AI Zone Admin Forum Add your forum

NEWS: Chatbots.org survey on 3000 US and UK consumers shows it is time for chatbot integration in customer service!read more..

Meet Ambar and Snow White
 
 

Hi all,

I’ve been hanging around this forum for a few years but I’ve never presented myself nor my work. Here goes if anyone’s interested.

I’m a professor of game design at Montreal’s Concordia University and I have a small research project on game conversations. The general research question concerns how we can make dialogue with fictional game characters more interesting, giving more space for player creativity than menu-based systems.

From a more technical standpoint, the approach has been: can we make a fun conversational game on the basis of chatbot technology. And for that I’ve been using Chatscript.

You can read more about the LabLabLab project here: http://www.lablablab.net/

We have two bots you can try.

Our first experiment was “A Tough Sell”, in which you need to convince Snow White to eat the poisoned apple: http://www.lablablab.net/en/games/a-tough-sell/

Our second was SimProphet: http://www.lablablab.net/en/games/sim-prophet/

Both got decent reviews and feedback from gaming communities.

We’re currently working on a 3rd one: SimHamlet.

There’s a brief communication on the project here: http://www.lablablab.net/en/pulbications/

This is a Twitter feed where I post news and funny player-bot exchanges: https://twitter.com/lelablablab

All feedback welcome!

best,

Jonathan

 

 
  [ # 1 ]

Interesting. It looks like a keyword-based approach can work as long as the players’ role is clearly defined and they know more or less what they are expected to say. I’ll share this with some of my acquainted artists who develop interactive Visual Novels (By your game’s layout I take it you’ve heard of Visual novels, otherwise, might be interesting to check out).

My own approach (2003) was more free-form in that I had created a small RPG world where everyone and everything had names, and all NPC’s were tied into the central information system, allowing the player to ask any character about who they were, whether they knew where person X was, which building or town the player was currently in, etc.
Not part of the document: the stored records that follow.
definition is_flow :: "(state \<Rightarrow> state) \<Rightarrow> (real \<Rightarrow> state \<Rightarrow> state) \<Rightarrow> bool" where
  "is_flow X \<phi> \<longleftrightarrow> (\<forall>z. \<phi> 0 z = z \<and>
      (\<forall>t. ((\<lambda>s. \<phi> s z) has_vector_derivative X (\<phi> t z)) (at t)))"

definition Mset :: "state set" where
  "Mset = {z. norm (fst z) = 1}"

definition smooth_real :: "(real \<Rightarrow> real) \<Rightarrow> bool" where
  "smooth_real V \<longleftrightarrow> (\<forall>n s. ((deriv ^^ n) V) differentiable (at s))"

end

theory Submission
  imports Defs
begin

text \<open>
  Everything follows from explicit formulas for the Hamiltonian vector fields. With the commuting
  complex structures Jx, Kx of R^4, X_lz rotates x by Kx at speed 1/2 and l about e_3, while
  X_L3 = (|x|^2/2 Jx x, 0); so both flows are rotations, of period 4 pi on |x| = 1, and they commute.
  H is built from lsq, L3 and quadq, each invariant under both rotations, hence the brackets vanish.
  For independence, apply x_+ to the x-component of a X_H + b X_L3 + c X_lz: since
  x_+ x_+^t = |x|^2, x_+ Jx x = R e_3 and x_+ Kx x = |x|^2 e_3, this gives a linear relation between
  l, R e_3 and e_3, which are independent where (R e_3 \<times> l)_3 \<noteq> 0. That set is open, and dense in M:
  first perturb l, and if R e_3 = \<plusminus>e_3 first rotate x slightly to tilt R e_3.
\<close>

lemma numeral_4_eq_0: "(4::4) = 0"
  by simp

lemma forall_4_UNIV: "(\<forall>i::4. P i) \<longleftrightarrow> P 0 \<and> P 1 \<and> P 2 \<and> P 3"
  using forall_4[of P] by (auto simp add: numeral_4_eq_0)

lemma sum_4_UNIV: "sum f (UNIV::4 set) = f 0 + f 1 + f 2 + f 3"
  using sum_4[of f] by (simp add: numeral_4_eq_0 algebra_simps)

lemma vec4_nth [simp]:
  "vec4 a b c d $ 0 = a" "vec4 a b c d $ 1 = b" "vec4 a b c d $ 2 = c" "vec4 a b c d $ 3 = d"
  by (simp_all add: vec4_def)

lemma vec3_nth [simp]: "vec3 a b c $ 1 = a" "vec3 a b c $ 2 = b" "vec3 a b c $ 3 = c"
  by (simp_all add: vec3_def)

lemma vec4_eq_iff: "(v::real^4) = w \<longleftrightarrow> v$0 = w$0 \<and> v$1 = w$1 \<and> v$2 = w$2 \<and> v$3 = w$3"
  by (simp add: vec_eq_iff forall_4_UNIV)

lemma vec3_eq_iff: "(v::real^3) = w \<longleftrightarrow> v$1 = w$1 \<and> v$2 = w$2 \<and> v$3 = w$3"
  by (simp add: vec_eq_iff forall_3)

lemma inner_vec4: "(v::real^4) \<bullet> w = v$0 * w$0 + v$1 * w$1 + v$2 * w$2 + v$3 * w$3"
  by (simp add: inner_vec_def sum_4_UNIV)

lemma inner_vec3: "(v::real^3) \<bullet> w = v$1 * w$1 + v$2 * w$2 + v$3 * w$3"
  by (simp add: inner_vec_def sum_3)

lemma xplus_mult_nth [simp]:
  "(xplus x *v u) $ 1 = x$1 * u$0 - x$0 * u$1 - x$3 * u$2 + x$2 * u$3"
  "(xplus x *v u) $ 2 = x$2 * u$0 + x$3 * u$1 - x$0 * u$2 - x$1 * u$3"
  "(xplus x *v u) $ 3 = x$3 * u$0 - x$2 * u$1 + x$1 * u$2 - x$0 * u$3"
  by (simp_all add: xplus_def matrix_vector_mult_def sum_4_UNIV)

lemma mult_xplus_nth [simp]:
  "(w v* xplus x) $ 0 = x$1 * w$1 + x$2 * w$2 + x$3 * w$3"
  "(w v* xplus x) $ 1 = - x$0 * w$1 + x$3 * w$2 - x$2 * w$3"
  "(w v* xplus x) $ 2 = - x$3 * w$1 - x$0 * w$2 + x$1 * w$3"
  "(w v* xplus x) $ 3 = x$2 * w$1 - x$1 * w$2 - x$0 * w$3"
  by (simp_all add: xplus_def vector_matrix_mult_def sum_3)

lemma cross3_nth [simp]:
  "cross3 a b $ 1 = a$2 * b$3 - a$3 * b$2"
  "cross3 a b $ 2 = a$3 * b$1 - a$1 * b$3"
  "cross3 a b $ 3 = a$1 * b$2 - a$2 * b$1"
  by (simp_all add: cross3_def vector_def)

definition Jx :: "real^4 \<Rightarrow> real^4" where
  "Jx x = vec4 (x$3) (x$2) (- x$1) (- x$0)"

definition Kx :: "real^4 \<Rightarrow> real^4" where
  "Kx x = vec4 (x$3) (- x$2) (x$1) (- x$0)"

text \<open>Re3 x is R e_3 for R = x_+ x_-^t, since the last row of x_- is Jx x (xplus_mult_Jx);
  thus L3 z = l \<bullet> R e_3.\<close>

definition Re3 :: "real^4 \<Rightarrow> real^3" where
  "Re3 x = vec3 (2 * (x$1 * x$3 - x$0 * x$2)) (2 * (x$0 * x$1 + x$2 * x$3)) (quadq x)"

lemma Jx_nth [simp]: "Jx x $ 0 = x$3" "Jx x $ 1 = x$2" "Jx x $ 2 = - x$1" "Jx x $ 3 = - x$0"
  by (simp_all add: Jx_def)

lemma Kx_nth [simp]: "Kx x $ 0 = x$3" "Kx x $ 1 = - x$2" "Kx x $ 2 = x$1" "Kx x $ 3 = - x$0"
  by (simp_all add: Kx_def)

lemma xplus_mult_Jx: "xplus x *v Jx x = Re3 x"
  by (simp add: vec3_eq_iff Re3_def quadq_def power2_eq_square algebra_simps)

lemma xplus_mult_Kx: "xplus x *v Kx x = (x \<bullet> x) *\<^sub>R vec3 0 0 1"
  by (simp add: vec3_eq_iff inner_vec4 algebra_simps)

lemma xplus_mult_transpose: "xplus x *v (w v* xplus x) = (x \<bullet> x) *\<^sub>R w"
  by (simp add: vec3_eq_iff inner_vec4 algebra_simps)

lemma Re3_mult_xplus: "Re3 x v* xplus x = (x \<bullet> x) *\<^sub>R Jx x"
  by (simp add: vec4_eq_iff Re3_def quadq_def inner_vec4 power2_eq_square algebra_simps)

lemma grad_eqI:
  assumes "(F has_derivative (\<lambda>h. g \<bullet> h)) (at z)"
  shows "grad F z = g"
  using frechet_derivative_at[OF assms, symmetric]
  by (simp add: grad_def vec_eq_iff inner_axis inner_Pair_0 prod_eq_iff)

lemma has_derivative_fst_nth: "((\<lambda>w::state. fst w $ i) has_derivative (\<lambda>h. fst h $ i)) F"
  by (intro bounded_linear_imp_has_derivative bounded_linear_compose[OF bounded_linear_vec_nth]
      bounded_linear_fst)

lemma has_derivative_snd_nth: "((\<lambda>w::state. snd w $ i) has_derivative (\<lambda>h. snd h $ i)) F"
  by (intro bounded_linear_imp_has_derivative bounded_linear_compose[OF bounded_linear_vec_nth]
      bounded_linear_snd)

lemmas has_derivative_coordinates =
  has_derivative_fst_nth has_derivative_snd_nth has_derivative_add has_derivative_diff
  has_derivative_mult has_derivative_minus has_derivative_power has_derivative_const

definition grad_quadq :: "real^4 \<Rightarrow> real^4" where
  "grad_quadq x = vec4 (2 * x$0) (- 2 * x$1) (- 2 * x$2) (2 * x$3)"

definition grad_x_L3 :: "real^4 \<Rightarrow> real^3 \<Rightarrow> real^4" where
  "grad_x_L3 x l =
     vec4 (- 2 * l$1 * x$2 + 2 * l$2 * x$1 + 2 * l$3 * x$0)
          (2 * l$1 * x$3 + 2 * l$2 * x$0 - 2 * l$3 * x$1)
          (- 2 * l$1 * x$0 + 2 * l$2 * x$3 - 2 * l$3 * x$2)
          (2 * l$1 * x$1 + 2 * l$2 * x$2 + 2 * l$3 * x$3)"

lemma has_derivative_lz: "(lz has_derivative (\<lambda>h. (0, vec3 0 0 1) \<bullet> h)) (at z)"
  unfolding lz_def
  by (rule has_derivative_eq_rhs[OF has_derivative_snd_nth]) (simp add: fun_eq_iff inner_vec3)

lemma has_derivative_lsq: "(lsq has_derivative (\<lambda>h. (0, 2 *\<^sub>R snd z) \<bullet> h)) (at z)"
  unfolding lsq_def
  by (rule has_derivative_eq_rhs, (rule has_derivative_coordinates)+)
     (simp add: fun_eq_iff inner_vec3 algebra_simps)

lemma has_derivative_quadq:
  "((\<lambda>w::state. quadq (fst w)) has_derivative (\<lambda>h. (grad_quadq (fst z), 0) \<bullet> h)) (at z)"
  unfolding quadq_def
  by (rule has_derivative_eq_rhs, (rule has_derivative_coordinates)+)
     (simp add: fun_eq_iff inner_vec4 grad_quadq_def)

lemma has_derivative_L3:
  "(L3 has_derivative (\<lambda>h. (grad_x_L3 (fst z) (snd z), Re3 (fst z)) \<bullet> h)) (at z)"
  unfolding L3_def quadq_def Let_def
  by (rule has_derivative_eq_rhs, (rule has_derivative_coordinates)+)
     (rule ext, simp add: inner_prod_def inner_vec4 inner_vec3 grad_x_L3_def Re3_def quadq_def,
      algebra)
The grander idea was to also tie it into a central storyline, where every character’s actions were recorded and could be ‘reported’ to the player if they asked about what was going on with character X or in town Y, like news travelling around. I never really got around to it though.

 

 
  [ # 2 ]

Hi Don,

What you describe is more or less where I’m heading next: conversational characters acting as a window to a more dynamically simulated world.

And yes, our approach works in a restricted domain and a goal-oriented conversation!